AWS’s services are acquired when companies sign financial deals with Amazon, payments being made over the lifetime of the contract. According to Amazon, they currently have $104.3 billion in future contract revenue to collect from this sector. Since AWS has brought in net sales of $58.7 billion in the first three quarters of 2022 alone, it looks like the company will continue to rely on this profitable division.
That said, AWS’s growth has slowed down slightly lately. Despite remaining profitable, the growth rate fell as there are fears that enterprise customers are going to slow down investment as consumer spending decreases. While AWS brought in a profit of $5.4 billion, analysts were expecting a 31% year-over-year growth in this sector.
As we’ve covered extensively in other articles, the current macroeconomic environment impacts almost every industry. With soaring inflation and persistent rate hikes, the market has plenty of uncertainty.
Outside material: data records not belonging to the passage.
lemma persist_prob_le_of_reach:
  assumes X: "X \<in> sets M" and Y: "Y \<in> sets M" and "X \<inter> Y = {}" and s: "s \<in> space M"
    and reach: "measure (run_measure M K (return M s)) (ev_F M Y) \<ge> p"
  shows "persist_prob K X s \<le> ennreal (1 - p)"
proof -
  let ?P = "run_measure M K (return M s)"
  interpret prob_space ?P by (rule prob_space_run_measure[OF return_in_Dist[OF s]])
  have "persist_prob K X s = emeasure ?P (always M X)"
    by (rule emeasure_run_from_always[OF s X, symmetric])
  also have "\<dots> \<le> emeasure ?P (always M (space M - Y))"
  proof (rule emeasure_mono)
    show "always M X \<subseteq> always M (space M - Y)"
      using \<open>X \<inter> Y = {}\<close> sets.sets_into_space[OF X] by (auto simp: always_def)
    show "always M (space M - Y) \<in> events"
      using sets_always[OF sets.compl_sets[OF Y]] sets_run_measure[OF return_in_Dist[OF s]] by simp
  qed
  also have "\<dots> = ennreal (1 - measure ?P (ev_F M Y))"
    by (simp add: emeasure_eq_measure measure_run_measure_ev_F[OF return_in_Dist[OF s] Y])
  also have "\<dots> \<le> ennreal (1 - p)"
    using reach by (intro ennreal_leI) simp
  finally show ?thesis .
qed

lemma measure_run_measure_ev_F_eq_1:
  assumes \<mu>: "\<mu> \<in> Dist M" and Y: "Y \<in> sets M"
    and never_stay: "\<And>s. s \<in> space M \<Longrightarrow> persist_prob K (space M - Y) s = 0"
  shows "measure (run_measure M K \<mu>) (ev_F M Y) = 1"
proof -
  have "emeasure (run_measure M K \<mu>) (always M (space M - Y)) = (\<integral>\<^sup>+ s. 0 \<partial>\<mu>)"
    unfolding emeasure_run_measure_always[OF \<mu> sets.compl_sets[OF Y]]
    by (rule nn_integral_cong) (simp add: never_stay Dist_D(3)[OF \<mu>])
  then have "measure (run_measure M K \<mu>) (always M (space M - Y)) = 0"
    by (simp add: measure_def)
  then show ?thesis by (simp add: measure_run_measure_ev_F[OF \<mu> Y])
qed

end

theorem mainTheorem6:
  fixes M :: "'s measure" and K :: "'s \<Rightarrow> 's measure" and B :: "'s set"
  assumes "markov_kernel M K"
    and "B \<in> sets M"
    and "avoid_set M K B \<in> sets M"
    and "globally_coarse M K B"
  shows "decisive M K B"
proof -
  interpret sts M K by unfold_locales (rule assms(1))
  obtain p where "p > 0" and coarse: "\<And>s. s \<in> space M \<Longrightarrow>
      measure (run_measure M K (return M s)) (ev_F M B) \<ge> p \<or>
      measure (run_measure M K (return M s)) (ev_F M B) = 0"
    using assms(4) unfolding globally_coarse_def by blast
  let ?Y = "B \<union> avoid_set M K B"
  have Y: "?Y \<in> sets M" and D: "space M - ?Y \<in> sets M" using assms(2,3) by auto
  have "persist_prob K (space M - ?Y) s \<le> ennreal (1 - p)" if "s \<in> space M - ?Y" for s
    using persist_prob_le_of_reach[OF D assms(2)] coarse that by (auto simp: avoid_set_def)
  then have "persist_prob K (space M - ?Y) s = 0" if "s \<in> space M" for s
    using persist_prob_eq_0[OF D _ _ that, of "ennreal (1 - p)"] \<open>p > 0\<close> by auto
  then show ?thesis
    unfolding decisive_def ev_F_Un[symmetric] using measure_run_measure_ev_F_eq_1[OF _ Y] by blast
qed

end
lemma transpose_mult_grad_Suc:
  assumes "1 \<le> l" "l < L"
  shows "transpose (W (Suc l)) ** grad L \<Phi> W (Suc l) = grad L \<Phi> W l ** transpose (W l)"
proof -
  have top: "transpose (W (Suc l)) ** transpose (mprod W L (Suc (Suc l))) = transpose (mprod W L (Suc l))"
    using assms by (simp add: mprod_split_lowest[of "Suc l" L] matrix_transpose_mul)
  have bottom: "transpose (mprod W (l - 1) 1) ** transpose (W l) = transpose (mprod W l 1)"
    using assms mprod_Suc[of 1 "l - 1" W] by (simp add: matrix_transpose_mul)
  have "transpose (W (Suc l)) ** grad L \<Phi> W (Suc l)
      = (transpose (W (Suc l)) ** transpose (mprod W L (Suc (Suc l))))
          ** (mprod W L 1 - \<Phi>) ** transpose (mprod W l 1)"
    by (simp add: grad_def matrix_mul_assoc)
  also have "\<dots> = transpose (mprod W L (Suc l)) ** (mprod W L 1 - \<Phi>)
          ** (transpose (mprod W (l - 1) 1) ** transpose (W l))"
    unfolding top bottom ..
  also have "\<dots> = grad L \<Phi> W l ** transpose (W l)"
    by (simp add: grad_def matrix_mul_assoc)
  finally show ?thesis .
qed

lemma inner_residual_eq_inner_grad:
  "inner (mprod W L 1 - \<Phi>) (mprod W L (Suc l) ** G ** mprod W (l - 1) 1) = inner (grad L \<Phi> W l) G"
  unfolding inner_matrix_mult_right[of _ "mprod W L (Suc l) ** G"]
    inner_matrix_mult_left[of _ "mprod W L (Suc l)"] grad_def
  by (simp add: matrix_mul_assoc)

locale deep_linear_gradient_flow =
  fixes L :: nat and \<Phi> :: "real^'n^'n" and W :: "real \<Rightarrow> nat \<Rightarrow> real^'n^'n"
  assumes flow: "\<And>t l. t \<ge> 0 \<Longrightarrow> 1 \<le> l \<Longrightarrow> l \<le> L \<Longrightarrow>
    ((\<lambda>s. W s l) has_vector_derivative (- grad L \<Phi> (W t) l)) (at t within {0..})"
begin

lemma gram_difference_constant:
  assumes l: "1 \<le> l" "l < L" and t: "0 \<le> t"
  shows "transpose (W t (Suc l)) ** W t (Suc l) - W t l ** transpose (W t l)
    = transpose (W 0 (Suc l)) ** W 0 (Suc l) - W 0 l ** transpose (W 0 l)"
proof -
  let ?f = "\<lambda>s. transpose (W s (Suc l)) ** W s (Suc l) - W s l ** transpose (W s l)"
  have "(?f has_derivative (\<lambda>_. 0)) (at s within {0..})" if s: "s \<in> {0..}" for s
  proof -
    define X where "X = transpose (W s (Suc l)) ** grad L \<Phi> (W s) (Suc l)"
    have X': "grad L \<Phi> (W s) l ** transpose (W s l) = X"
      unfolding X_def by (rule transpose_mult_grad_Suc[OF l, symmetric])
    have "transpose (grad L \<Phi> (W s) (Suc l)) ** W s (Suc l) = transpose X"
      by (simp add: X_def matrix_transpose_mul)
    moreover have "W s l ** transpose (grad L \<Phi> (W s) l) = transpose X"
      by (simp add: matrix_transpose_mul flip: X')
    ultimately have "(transpose (W s (Suc l)) ** - grad L \<Phi> (W s) (Suc l)
          + transpose (- grad L \<Phi> (W s) (Suc l)) ** W s (Suc l))
        - (W s l ** transpose (- grad L \<Phi> (W s) l) + - grad L \<Phi> (W s) l ** transpose (W s l)) = 0"
      using X' by (simp add: X_def transpose_uminus
          bounded_bilinear.minus_left[OF bounded_bilinear_matrix_matrix_mult]
          bounded_bilinear.minus_right[OF bounded_bilinear_matrix_matrix_mult])
    then have "(?f has_vector_derivative 0) (at s within {0..})"
      using has_vector_derivative_diff[OF
          has_vector_derivative_transpose_mult_self[OF flow[of s "Suc l"]]
          has_vector_derivative_mult_transpose_self[OF flow[of s l]]] s l
      by simp
    then show ?thesis
      by (simp add: has_vector_derivative_def)
  qed
  then obtain c where "\<forall>s\<in>{0..}. ?f s = c"
    using has_derivative_zero_constant[of "{0::real..}" ?f] by auto
  then show ?thesis
    using t by simp
qed

lemma has_real_derivative_loss:
  assumes t: "0 \<le> t"
  shows "((\<lambda>s. loss L \<Phi> (W s)) has_real_derivative
      - (\<Sum>l=1..L. (norm (grad L \<Phi> (W t) l))\<^sup>2)) (at t within {0..})"
proof -
  let ?E = "\<lambda>s. mprod (W s) L 1 - \<Phi>"
  let ?E' = "\<Sum>l=1..L. mprod (W t) L (Suc l) ** (- grad L \<Phi> (W t) l) ** mprod (W t) (l - 1) 1"
  have "(?E has_vector_derivative ?E') (at t within {0..})"
    using has_vector_derivative_mprod[of 1 L W "\<lambda>l. - grad L \<Phi> (W t) l"] flow t
    by (auto intro!: derivative_eq_intros)
  then have "((\<lambda>s. inner (?E s) (?E s) / 2) has_vector_derivative
      (inner (?E t) ?E' + inner ?E' (?E t)) / 2) (at t within {0..})"
    by (auto intro!: derivative_eq_intros
        bounded_bilinear.has_vector_derivative[OF bounded_bilinear_inner])
  moreover have "inner (?E t) ?E' = - (\<Sum>l=1..L. (norm (grad L \<Phi> (W t) l))\<^sup>2)"
    unfolding inner_sum_right inner_residual_eq_inner_grad inner_minus_right power2_norm_eq_inner
    by (rule sum_negf)
  ultimately show ?thesis
    by (simp add: loss_def frob_sq_eq_norm power2_norm_eq_inner inner_commute
        has_real_derivative_iff_has_vector_derivative)
qed

end

locale zero_asymmetric_gradient_flow = deep_linear_gradient_flow +
  assumes depth: "1 \<le> L"
    and init_id: "\<And>l. 1 \<le> l \<Longrightarrow> l < L \<Longrightarrow> W 0 l = mat 1"
    and init_zero: "W 0 L = 0"
begin

lemma expanding_layer:
  assumes t: "0 \<le> t" and l: "1 \<le> l" "l < L"
  shows "expanding (W t l)"
proof -
  have "l \<le> L - 1"
    using l by simp
  then show ?thesis
  proof (induction rule: inc_induct)
    case base
    have "transpose (W t L) ** W t L - W t (L - 1) ** transpose (W t (L - 1)) = - mat 1"
      using gram_difference_constant[of "L - 1" t] init_id[of "L - 1"] init_zero l t by simp
    then have "W t (L - 1) ** transpose (W t (L - 1)) = transpose (W t L) ** W t L + mat 1"
      by (simp add: algebra_simps)
    then show ?case
      by (rule expanding_if_gram_eq_plus_id)
  next
    case (step n)
    have "W t n ** transpose (W t n) = transpose (W t (Suc n)) ** W t (Suc n)"
      using gram_difference_constant[of n t] init_id[of n] init_id[of "Suc n"] step.hyps l t by simp
    then show ?case
      using step.IH by (rule expanding_if_gram_eq)
  qed
qed

lemma expanding_mprod_hidden_layers:
  assumes t: "0 \<le> t"
  shows "expanding (mprod (W t) (L - 1) 1)"
proof -
  have "expanding (mprod (W t) k 1)" if "k \<le> L - 1" for k
    using that
  proof (induction k)
    case 0
    then show ?case by (simp add: mprod_empty expanding_mat_1)
  next
    case (Suc k)
    then show ?case
      by (simp add: mprod_Suc expanding_mult expanding_layer t)
  qed
  then show ?thesis by simp
qed

lemma polyak_lojasiewicz:
  assumes t: "0 \<le> t"
  shows "2 * loss L \<Phi> (W t) \<le> (\<Sum>l=1..L. (norm (grad L \<Phi> (W t) l))\<^sup>2)"
proof -
  have "grad L \<Phi> (W t) L = (mprod (W t) L 1 - \<Phi>) ** transpose (mprod (W t) (L - 1) 1)"
    by (simp add: grad_def mprod_empty)
  then have "2 * loss L \<Phi> (W t) \<le> (norm (grad L \<Phi> (W t) L))\<^sup>2"
    unfolding loss_def frob_sq_eq_norm
    using norm_le_norm_matrix_mult_transpose[OF expanding_mprod_hidden_layers[OF t]]
    by (simp add: power_mono)
  also have "\<dots> \<le> (\<Sum>l=1..L. (norm (grad L \<Phi> (W t) l))\<^sup>2)"
    using depth by (intro member_le_sum) auto
  finally show ?thesis .
qed

end

lemma exp_decay_if_derivative_le:
  fixes f f' :: "real \<Rightarrow> real"
  assumes deriv: "\<And>s. 0 \<le> s \<Longrightarrow> (f has_real_derivative f' s) (at s within {0..})"
    and bound: "\<And>s. 0 \<le> s \<Longrightarrow> f' s \<le> - c * f s"
    and t: "0 \<le> t"
  shows "f t \<le> exp (- c * t) * f 0"
proof -
  define h where "h s = exp (c * s) * f s" for s
  define h' where "h' s = exp (c * s) * (c * f s + f' s)" for s
  have "(h has_real_derivative h' s) (at s within {0..t})" if "s \<in> {0..t}" for s
    unfolding h_def[abs_def] h'_def
    using that by (auto intro!: derivative_eq_intros has_field_derivative_subset[OF deriv]
        simp: algebra_simps)
  then obtain s where s: "s \<in> {0..t}" "h t - h 0 = h' s * (t - 0)"
    using mvt_very_simple[of 0 t h "\<lambda>s. (*) (h' s)"] t
    unfolding has_field_derivative_def by auto
  have "h' s \<le> 0"
    using bound[of s] s by (simp add: h'_def mult_nonneg_nonpos)
  then have "h' s * t \<le> 0"
    using t by (rule mult_nonpos_nonneg)
  then have "exp (c * t) * f t \<le> f 0"
    using s by (simp add: h_def)
  then have "exp (- c * t) * (exp (c * t) * f t) \<le> exp (- c * t) * f 0"
    by (simp add: mult_left_mono)
  then show ?thesis
    by (simp add: mult.assoc[symmetric] flip: exp_add)
qed

theorem theorem1:
  fixes L :: nat and \<Phi> :: "real^'n^'n" and W :: "real \<Rightarrow> nat \<Rightarrow> real^'n^'n"
  assumes L: "L \<ge> 1"
    and flow: "\<And>t l. t \<ge> 0 \<Longrightarrow> 1 \<le> l \<Longrightarrow> l \<le> L \<Longrightarrow>
               ((\<lambda>s. W s l) has_vector_derivative (- grad L \<Phi> (W t) l)) (at t within {0..})"
    and init_id: "\<And>l. 1 \<le> l \<Longrightarrow> l < L \<Longrightarrow> W 0 l = mat 1"
    and init_zero: "W 0 L = 0"
  shows "\<forall>t\<ge>0. loss L \<Phi> (W t) \<le> exp (-2 * t) * loss L \<Phi> (W 0)"
proof -
  interpret zero_asymmetric_gradient_flow L \<Phi> W
    using assms by unfold_locales
  have "loss L \<Phi> (W t) \<le> exp (-2 * t) * loss L \<Phi> (W 0)" if "0 \<le> t" for t
  proof (rule exp_decay_if_derivative_le)
    fix s :: real
    assume "0 \<le> s"
    then show "((\<lambda>s. loss L \<Phi> (W s)) has_real_derivative
        - (\<Sum>l=1..L. (norm (grad L \<Phi> (W s) l))\<^sup>2)) (at s within {0..})"
      by (rule has_real_derivative_loss)
    show "- (\<Sum>l=1..L. (norm (grad L \<Phi> (W s) l))\<^sup>2) \<le> - 2 * loss L \<Phi> (W s)"
      using polyak_lojasiewicz[OF \<open>0 \<le> s\<close>] by simp
  qed (rule that)
  then show ?thesis
    by simp
qed

end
Amazon is especially sensitive to inflationary pressures and the return of in-person shopping since pandemic restrictions have been loosened over the past year.
You can’t ignore the role of high inflation on consumer spending. Will folks continue to spend money on discretionary purchases? This is something that we’re going to have to continue paying attention to.
To make matters worse, Amazon is also impacted by rising fuel costs which are increasing the expenses associated with transportation and warehouses. The company has to initiate cost-cutting measures to combat decreased consumer spending. They had to delay warehouse openings, freeze hiring and shut down experimental projects.
In addition, changes to foreign exchange rates with the strengthening of the US dollar impacted sales in other countries. They apparently had a revenue reduction of about $5 billion due to this issue alone. There’s no telling how this will change in the coming quarter as the foreign exchange rates have fluctuated lately.
While we don’t know for sure how consumer shopping will respond this holiday season, because we still haven’t officially entered a recession, Amazon confessed that the holiday sales forecast wasn’t looking good. The company predicted that revenue would be between $140 to $148 billion in the final quarter, well below the original analyst estimate of $156 billion. Even worse, it’s feared that profits could be at zero due to the rising expenses in other sectors.
Shares dropped about 14% in the after-hours trading after Amazon adjusted expectations that holiday sales would be light. Many independent retailers on Amazon are also bracing for a slower holiday period than usual.
As you can imagine, right now is a difficult time to decide which individual companies to invest in as the market volatility shows no signs of stopping. As the world continues to deal with the fears of a pending recession, there are fears that companies will report much lower earnings than reported which will lead to even more stock market sell-offs.
If you still want to invest during times of high inflation and overall market uncertainty, you may want to take a look at Q.ai’s Inflation Kit to protect your investments. You can activate Portfolio Protection anytime to help protect your gains and reduce your losses, no matter what industries you invest in.
While Amazon is synonymous with online shopping, right now may not be the ideal time to invest in Amazon stock due to all of the economic uncertainty. The Amazon stock price is reaching surprisingly low levels despite increasing revenue in Q3. These fears of lighter holiday spending could cause the stock to stumble further as investor confidence wanes.